> Assignment
Which lines should be repeated? Exactly the one containing "using assms(4) by" and every line after it through the end of the entries below.

> Material provided
----

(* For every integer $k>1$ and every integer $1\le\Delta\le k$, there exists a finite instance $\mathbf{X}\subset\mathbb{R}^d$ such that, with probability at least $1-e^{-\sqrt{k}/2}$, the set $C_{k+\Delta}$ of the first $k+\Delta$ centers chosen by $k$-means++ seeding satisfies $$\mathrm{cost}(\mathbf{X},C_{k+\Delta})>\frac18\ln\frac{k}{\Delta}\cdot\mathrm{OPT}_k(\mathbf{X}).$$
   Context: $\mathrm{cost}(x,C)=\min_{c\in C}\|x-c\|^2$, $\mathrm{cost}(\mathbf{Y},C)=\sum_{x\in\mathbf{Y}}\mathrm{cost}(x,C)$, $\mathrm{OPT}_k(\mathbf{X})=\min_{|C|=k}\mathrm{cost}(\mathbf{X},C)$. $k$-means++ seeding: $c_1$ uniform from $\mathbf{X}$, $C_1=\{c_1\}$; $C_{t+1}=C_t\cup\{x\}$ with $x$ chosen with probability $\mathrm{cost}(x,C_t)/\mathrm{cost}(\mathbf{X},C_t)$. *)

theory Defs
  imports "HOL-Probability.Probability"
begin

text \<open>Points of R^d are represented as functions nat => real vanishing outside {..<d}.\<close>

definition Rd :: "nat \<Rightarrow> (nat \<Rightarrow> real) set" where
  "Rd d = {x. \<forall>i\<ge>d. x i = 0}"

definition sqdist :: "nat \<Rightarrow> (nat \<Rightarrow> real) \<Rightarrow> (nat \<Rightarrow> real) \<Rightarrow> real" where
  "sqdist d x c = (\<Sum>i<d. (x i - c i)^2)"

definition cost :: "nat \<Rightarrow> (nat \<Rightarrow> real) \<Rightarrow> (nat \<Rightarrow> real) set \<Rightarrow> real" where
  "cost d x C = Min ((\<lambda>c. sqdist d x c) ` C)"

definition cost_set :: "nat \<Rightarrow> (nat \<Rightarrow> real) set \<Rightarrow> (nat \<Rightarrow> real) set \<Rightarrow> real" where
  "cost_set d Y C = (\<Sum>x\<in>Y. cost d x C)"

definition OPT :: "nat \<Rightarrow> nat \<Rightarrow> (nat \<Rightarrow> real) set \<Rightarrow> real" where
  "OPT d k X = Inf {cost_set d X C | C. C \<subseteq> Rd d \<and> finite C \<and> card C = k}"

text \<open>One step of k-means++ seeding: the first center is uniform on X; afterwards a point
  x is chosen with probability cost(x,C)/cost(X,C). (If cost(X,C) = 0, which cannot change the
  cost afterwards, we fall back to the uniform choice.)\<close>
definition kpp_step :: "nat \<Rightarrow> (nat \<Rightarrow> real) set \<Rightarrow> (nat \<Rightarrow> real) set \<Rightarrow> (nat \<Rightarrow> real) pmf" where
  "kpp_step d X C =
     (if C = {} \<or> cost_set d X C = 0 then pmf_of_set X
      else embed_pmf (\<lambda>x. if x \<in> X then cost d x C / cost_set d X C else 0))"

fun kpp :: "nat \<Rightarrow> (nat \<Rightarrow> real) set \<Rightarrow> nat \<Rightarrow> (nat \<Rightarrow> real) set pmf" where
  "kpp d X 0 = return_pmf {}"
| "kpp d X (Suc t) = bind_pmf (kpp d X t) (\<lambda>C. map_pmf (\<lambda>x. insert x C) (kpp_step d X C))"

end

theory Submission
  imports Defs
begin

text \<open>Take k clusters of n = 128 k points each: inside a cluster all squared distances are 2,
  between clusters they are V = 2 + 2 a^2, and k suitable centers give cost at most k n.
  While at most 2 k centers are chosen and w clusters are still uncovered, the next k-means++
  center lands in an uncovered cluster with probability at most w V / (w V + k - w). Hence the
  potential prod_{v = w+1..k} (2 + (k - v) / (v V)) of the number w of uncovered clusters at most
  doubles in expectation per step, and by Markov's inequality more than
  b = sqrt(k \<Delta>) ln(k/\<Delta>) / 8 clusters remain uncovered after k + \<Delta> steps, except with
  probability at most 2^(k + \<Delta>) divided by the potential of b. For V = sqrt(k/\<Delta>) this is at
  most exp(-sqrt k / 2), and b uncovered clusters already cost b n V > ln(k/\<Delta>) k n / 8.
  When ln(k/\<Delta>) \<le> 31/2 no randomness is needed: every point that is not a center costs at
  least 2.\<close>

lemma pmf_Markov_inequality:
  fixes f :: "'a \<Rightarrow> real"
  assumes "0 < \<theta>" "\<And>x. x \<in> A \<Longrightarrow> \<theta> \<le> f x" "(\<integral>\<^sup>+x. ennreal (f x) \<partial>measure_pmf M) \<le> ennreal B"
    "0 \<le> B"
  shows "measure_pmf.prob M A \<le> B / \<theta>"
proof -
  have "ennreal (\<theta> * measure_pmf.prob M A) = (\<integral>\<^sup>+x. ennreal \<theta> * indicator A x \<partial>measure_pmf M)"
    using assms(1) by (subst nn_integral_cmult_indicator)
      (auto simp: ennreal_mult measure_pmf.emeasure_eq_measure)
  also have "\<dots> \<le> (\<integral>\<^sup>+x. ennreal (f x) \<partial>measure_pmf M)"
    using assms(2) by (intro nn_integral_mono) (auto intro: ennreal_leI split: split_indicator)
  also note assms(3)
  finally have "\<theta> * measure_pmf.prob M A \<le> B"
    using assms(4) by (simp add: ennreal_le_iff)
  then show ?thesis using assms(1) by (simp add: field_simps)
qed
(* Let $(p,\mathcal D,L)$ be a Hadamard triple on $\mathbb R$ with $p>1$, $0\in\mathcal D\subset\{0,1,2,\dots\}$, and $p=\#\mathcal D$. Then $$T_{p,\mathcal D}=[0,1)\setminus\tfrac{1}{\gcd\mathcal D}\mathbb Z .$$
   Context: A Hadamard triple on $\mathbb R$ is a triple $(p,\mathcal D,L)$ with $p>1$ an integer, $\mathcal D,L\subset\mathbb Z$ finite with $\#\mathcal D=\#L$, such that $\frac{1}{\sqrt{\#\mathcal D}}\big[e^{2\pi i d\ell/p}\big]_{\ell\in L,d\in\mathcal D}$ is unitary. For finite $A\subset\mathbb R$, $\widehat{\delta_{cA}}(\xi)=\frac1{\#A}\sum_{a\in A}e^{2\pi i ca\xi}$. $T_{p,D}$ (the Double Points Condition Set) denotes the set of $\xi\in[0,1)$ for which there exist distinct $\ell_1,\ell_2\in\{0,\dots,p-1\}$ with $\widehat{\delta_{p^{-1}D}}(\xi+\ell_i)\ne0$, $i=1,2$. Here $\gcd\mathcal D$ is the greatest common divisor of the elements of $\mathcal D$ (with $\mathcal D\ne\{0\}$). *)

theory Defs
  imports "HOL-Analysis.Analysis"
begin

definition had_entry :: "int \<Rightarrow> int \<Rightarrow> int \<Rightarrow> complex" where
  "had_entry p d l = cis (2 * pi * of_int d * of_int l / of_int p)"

----

> The completed task
    using assms(4) by (simp add: ennreal_le_iff)
  then show ?thesis using assms(1) by (simp add: field_simps)
qed
(* Let $(p,\mathcal D,L)$ be a Hadamard triple on $\mathbb R$ with $p>1$, $0\in\mathcal D\subset\{0,1,2,\dots\}$, and $p=\#\mathcal D$. Then $$T_{p,\mathcal D}=[0,1)\setminus\tfrac{1}{\gcd\mathcal D}\mathbb Z .$$
   Context: A Hadamard triple on $\mathbb R$ is a triple $(p,\mathcal D,L)$ with $p>1$ an integer, $\mathcal D,L\subset\mathbb Z$ finite with $\#\mathcal D=\#L$, such that $\frac{1}{\sqrt{\#\mathcal D}}\big[e^{2\pi i d\ell/p}\big]_{\ell\in L,d\in\mathcal D}$ is unitary. For finite $A\subset\mathbb R$, $\widehat{\delta_{cA}}(\xi)=\frac1{\#A}\sum_{a\in A}e^{2\pi i ca\xi}$. $T_{p,D}$ (the Double Points Condition Set) denotes the set of $\xi\in[0,1)$ for which there exist distinct $\ell_1,\ell_2\in\{0,\dots,p-1\}$ with $\widehat{\delta_{p^{-1}D}}(\xi+\ell_i)\ne0$, $i=1,2$. Here $\gcd\mathcal D$ is the greatest common divisor of the elements of $\mathcal D$ (with $\mathcal D\ne\{0\}$). *)

theory Defs
  imports "HOL-Analysis.Analysis"
begin

definition had_entry :: "int \<Rightarrow> int \<Rightarrow> int \<Rightarrow> complex" where
  "had_entry p d l = cis (2 * pi * of_int d * of_int l / of_int p)"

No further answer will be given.